Open Source Licensing Conflicts and Security Standards (Where Have I Heard This Before?)

If the following story rings a bell, it should. Actually, it should ring several bells. Here's why.


According to InfoWorld in a story titled Apache faces Web services security spec roadblock, the Apache Foundation wants to include WS-Security, an OASIS standard, in its open source Axis SOAP stack, and Microsoft wants to preclude relicensing of products that implement WS-Security (although it is willing to license its patents relating to WS-Security on a royalty-free basis directly to both end-users as well as the initial developers). IBM reserved similar rights relating to its own patents that would be infringed by implementations of the standard.


The first reason this should sound familiar is that in September of last year the IETF shut down its MARID (MTA Authorization Records In DNS) working group, which was intending to include another security feature in a specification it was working on. That specification was Sender ID, of which Microsoft was a co-developer. Unfortunately, Microsoft was asserting a similar licensing restriction, to which Apache (among many other open source groups) objected. Much sturm und drang followed, with more stops, starts, skirmishes and concessions transpiring than it makes sense to cover here. Suffice it to say that neither side was having much fun.


The second controversy this story should call to mind is the simmering dispute over the convergence between open source licensing terms and those that have been historically tolerable in the world of open standards. That clash reached a high (or low) point earlier this year with the sending of an open Call to Action letter from 29 prominent open source advocates to OASIS at the time that OASIS adopted a revised intellectual property rights (IPR) policy that was intended to be more open source friendly (see the March issue of our Consortium Standards Bulletin, What Does “Open” Mean?). The action called for was a boycott of OASIS standards and process until OASIS amended its IPR policy to the signatories’ satisfaction.

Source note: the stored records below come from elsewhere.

(* Let $X\in\mathbb{R}^T$ and let $F=\{[s_m,e_m]\}_{m=1}^M$ be a collection of intervals with $1\le s_m<e_m\le T$. The set of change-point candidates (with their side information) produced by the recursive call $\textsc{WBS}(1,T,0)$ coincides with the set $\mathcal P$ produced by the non-recursive procedure described in the context (ties assumed absent). Moreover, if $(m_k)_{k=1}^{\tilde N}$ is the order in which tuples enter $\mathcal P$ in the non-recursive procedure, then the sequence $(|\tilde X_{s_{m_k},e_{m_k}}^{b_{m_k}}|)_{k=1}^{\tilde N}$ is non-increasing.
   Context: For $1\le s\le b<e\le T$ and $n=e-s+1$, the CUSUM statistic is $\tilde X_{s,e}^b=\sqrt{\frac{e-b}{n(b-s+1)}}\sum_{t=s}^b X_t-\sqrt{\frac{b-s+1}{n(e-b)}}\sum_{t=b+1}^e X_t$. Recursive WBS with threshold $\zeta$, $\textsc{WBS}(s,e,\zeta)$: if $e-s<1$ stop; otherwise let $\mathcal M_{s,e}$ be the set of indices $m$ with $[s_m,e_m]\subseteq[s,e]$; let $(m_0,b_{m_0})=\arg\max_{m\in\mathcal M_{s,e},\ b\in\{s_m,\ldots,e_m-1\}}|\tilde X_{s_m,e_m}^b|$; if $|\tilde X_{s_{m_0},e_{m_0}}^{b_{m_0}}|\ge\zeta$, record $b_{m_0}$ with side information $(m_0,s_{m_0},e_{m_0},|\tilde X_{s_{m_0},e_{m_0}}^{b_{m_0}}|)$ and call $\textsc{WBS}(s,b_{m_0},\zeta)$ and $\textsc{WBS}(b_{m_0}+1,e,\zeta)$; otherwise stop. (If $\mathcal M_{s,e}=\emptyset$ nothing is recorded.) Non-recursive procedure: for each $m$ let $b_m=\arg\max_{b\in\{s_m,\ldots,e_m-1\}}|\tilde X_{s_m,e_m}^b|$. Initialise $\mathcal C=\{(m,s_m,e_m,b_m,|\tilde X_{s_m,e_m}^{b_m}|):m=1,\ldots,M\}$, $\mathcal P=\emptyset$. While $\mathcal C\ne\emptyset$: let $m_0$ maximise $|\tilde X_{s_m,e_m}^{b_m}|$ over tuples in $\mathcal C$, add its tuple to $\mathcal P$, and remove from $\mathcal C$ all tuples with $s_m\le b_{m_0}<e_m$. *)

theory Defs
  imports Complex_Main
begin

text \<open>Data X :: nat => real (only X 1, ..., X T matter); intervals [ss m, ee m], m = 1..M.\<close>

definition cusum :: "(nat \<Rightarrow> real) \<Rightarrow> nat \<Rightarrow> nat \<Rightarrow> nat \<Rightarrow> real" where
  "cusum X s b e =
     (let n = real (e - s + 1) in
        sqrt (real (e - b) / (n * real (b - s + 1))) * (\<Sum>t=s..b. X t)
      - sqrt (real (b - s + 1) / (n * real (e - b))) * (\<Sum>t=Suc b..e. X t))"

definition cval :: "(nat \<Rightarrow> real) \<Rightarrow> (nat \<Rightarrow> nat) \<Rightarrow> (nat \<Rightarrow> nat) \<Rightarrow> nat \<Rightarrow> nat \<Rightarrow> real" where
  "cval X ss ee m b = \<bar>cusum X (ss m) b (ee m)\<bar>"

text \<open>Tuples (m, s_m, e_m, b, |value|).\<close>
type_synonym tup = "nat \<times> nat \<times> nat \<times> nat \<times> real"

definition tup_val :: "tup \<Rightarrow> real" where "tup_val t = snd (snd (snd (snd t)))"
definition tup_s :: "tup \<Rightarrow> nat" where "tup_s t = fst (snd t)"
definition tup_e :: "tup \<Rightarrow> nat" where "tup_e t = fst (snd (snd t))"
definition tup_b :: "tup \<Rightarrow> nat" where "tup_b t = fst (snd (snd (snd t)))"

definition wbs_cands :: "(nat \<Rightarrow> nat) \<Rightarrow> (nat \<Rightarrow> nat) \<Rightarrow> nat \<Rightarrow> nat \<Rightarrow> nat \<Rightarrow> (nat \<times> nat) set" where
  "wbs_cands ss ee M s e =
     {(m, b). m \<in> {1..M} \<and> s \<le> ss m \<and> ee m \<le> e \<and> ss m \<le> b \<and> b < ee m}"

text \<open>The argmax (m0, b0); unique under the no-ties assumption.\<close>
definition wbs_choice :: "(nat \<Rightarrow> real) \<Rightarrow> (nat \<Rightarrow> nat) \<Rightarrow> (nat \<Rightarrow> nat) \<Rightarrow> nat \<Rightarrow> nat \<Rightarrow> nat \<Rightarrow> nat \<times> nat" where
  "wbs_choice X ss ee M s e =
     (SOME p. is_arg_max (\<lambda>(m, b). cval X ss ee m b) (\<lambda>p. p \<in> wbs_cands ss ee M s e) p)"

text \<open>Recursive WBS(s,e,zeta): returns the set of recorded tuples.
  The guard s <= b0 < e is always true when the candidate set is nonempty;
  it only makes termination evident.\<close>
function wbs :: "(nat \<Rightarrow> real) \<Rightarrow> (nat \<Rightarrow> nat) \<Rightarrow> (nat \<Rightarrow> nat) \<Rightarrow> nat \<Rightarrow> real \<Rightarrow> nat \<Rightarrow> nat \<Rightarrow> tup set" where
  "wbs X ss ee M \<zeta> s e =
     (if e - s < 1 \<or> wbs_cands ss ee M s e = {} then {}
      else (let (m0, b0) = wbs_choice X ss ee M s e in
            if cval X ss ee m0 b0 \<ge> \<zeta> \<and> s \<le> b0 \<and> b0 < e then
              insert (m0, ss m0, ee m0, b0, cval X ss ee m0 b0)
                (wbs X ss ee M \<zeta> s b0 \<union> wbs X ss ee M \<zeta> (Suc b0) e)
            else {}))"
  by pat_completeness auto
termination
  by (relation "measure (\<lambda>(X, ss, ee, M, \<zeta>, s, e). e - s)") auto

definition best_split :: "(nat \<Rightarrow> real) \<Rightarrow> (nat \<Rightarrow> nat) \<Rightarrow> (nat \<Rightarrow> nat) \<Rightarrow> nat \<Rightarrow> nat" where
  "best_split X ss ee m =
     (SOME b. is_arg_max (\<lambda>b. cval X ss ee m b) (\<lambda>b. b \<in> {ss m..<ee m}) b)"

definition init_cands :: "(nat \<Rightarrow> real) \<Rightarrow> (nat \<Rightarrow> nat) \<Rightarrow> (nat \<Rightarrow> nat) \<Rightarrow> nat \<Rightarrow> tup set" where
  "init_cands X ss ee M =
     (\<lambda>m. (m, ss m, ee m, best_split X ss ee m, cval X ss ee m (best_split X ss ee m))) ` {1..M}"

definition pick_max :: "tup set \<Rightarrow> tup" where
  "pick_max C = (SOME t. is_arg_max tup_val (\<lambda>t. t \<in> C) t)"

text \<open>Main loop; returns P as a list in order of insertion. Guard ensures
  termination (it holds automatically for the candidate sets used).\<close>
function nonrec_loop :: "tup set \<Rightarrow> tup list" where
  "nonrec_loop C =
     (if C = {} \<or> infinite C then []
      else (let t = pick_max C in
            if t \<in> C \<and> tup_s t \<le> tup_b t \<and> tup_b t < tup_e t then
              t # nonrec_loop (C - {u \<in> C. tup_s u \<le> tup_b t \<and> tup_b t < tup_e u})
            else []))"
  by pat_completeness auto
termination
proof (relation "measure card")
  fix C :: "tup set" and t
  assume "\<not> (C = {} \<or> infinite C)" "t = pick_max C"
     "t \<in> C \<and> tup_s t \<le> tup_b t \<and> tup_b t < tup_e t"
  then show "(C - {u \<in> C. tup_s u \<le> tup_b t \<and> tup_b t < tup_e u}, C) \<in> measure card"
    by (auto intro!: psubset_card_mono)
qed auto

What each of these stories highlights is the fact that there are two consensus systems in use today that end users like you and me wish need to work together productively and efficiently, but which haven’t yet fully worked out how to do so. On the one hand, the open source community has a dynamite development and licensing model, and on the other hand, the open standards community has a venerable and useful model of its own that has enabled the modern technology world that in turn gave birth to the open source model. That traditional model (which applies to every possible product and service domain) permits licensing terms that are non-problematic in other domains, but which are not simpatico with the open source model, which (to date) applies almost exclusively to software.


All would be fine, were it not for the fact that it would be unthinkably inefficient for open source software to have nothing to do with open standards. And, in truth, traditional open standards users would be delighted if open standards required neither licenses nor royalties — but those that develop open standards simply have not been asked in the past by their constituencies to require the same degree of IPR sacrifice in the vast majority of standard setting situations as their brethren in the open source world require in all projects.


The big divide is between ideology and market forces. Among open source advocates, licensing terms are a matter of principle, while in the open standards community, licensing terms are matters of pure dollars and cents. If market forces lead towards royalty free GNU licensing, then those terms will become staples in open software standards. Personally, I believe that it’s only a matter of time before this happens, at least in some software areas (and eventually, perhaps, in most). Another way of saying it is that when open source software becomes more important than proprietary software, then a tipping point will be passed at which the vendors themselves will be the ones that demand GNU terms even before they are asked to offer them. Many major vendors are already at, or approaching that point.


So what do those at Apache do while they await the proverbial tipping point? One can expect that IBM, which has placed huge strategic bets on open source, will work things out speedily and amicably with Apache. But what of Microsoft, which, at least superficially, has little reason to do anything to encourage the spread of open source software?

Well, we can still hope for progress there. Why? Here are a few reasons.

First, the world already overwhelmingly relies on Apache servers, and Microsoft isn’t likely to spend its resources trying to reverse that reality. Second, Microsoft has had enough bad press over the years regarding security issues, so it will be better off if WS-Security is broadly implemented. Third, there are doubtless numerous benefits that Microsoft must expect from WS-Security becoming ubiquitous (with or without the licensing term in question) that should offset the concession of dropping the offending term. Also, Microsoft doesn’t need any more headaches in open-source bullish Europe, which continues to press Microsoft on antitrust grounds whenever it can. And finally, Microsoft is spending more and more time setting up joint strategies with historically strange bedfellows such as IBM and Sun — both of which are firmly on the open source bandwagon.


I can’t predict the specifics of what will happen next, but I do think that a lot of water has flowed over the dam since this time last year, when the IETF threw up its hands and shut down MARID. If this new situation resolves itself quickly, it will be a sign that the initially clashing open source/open standards gears are starting to grind themselves into an alignment that may, perhaps sooner rather than later, begin to hum.


When that happens, we all win. I’m looking forward to it.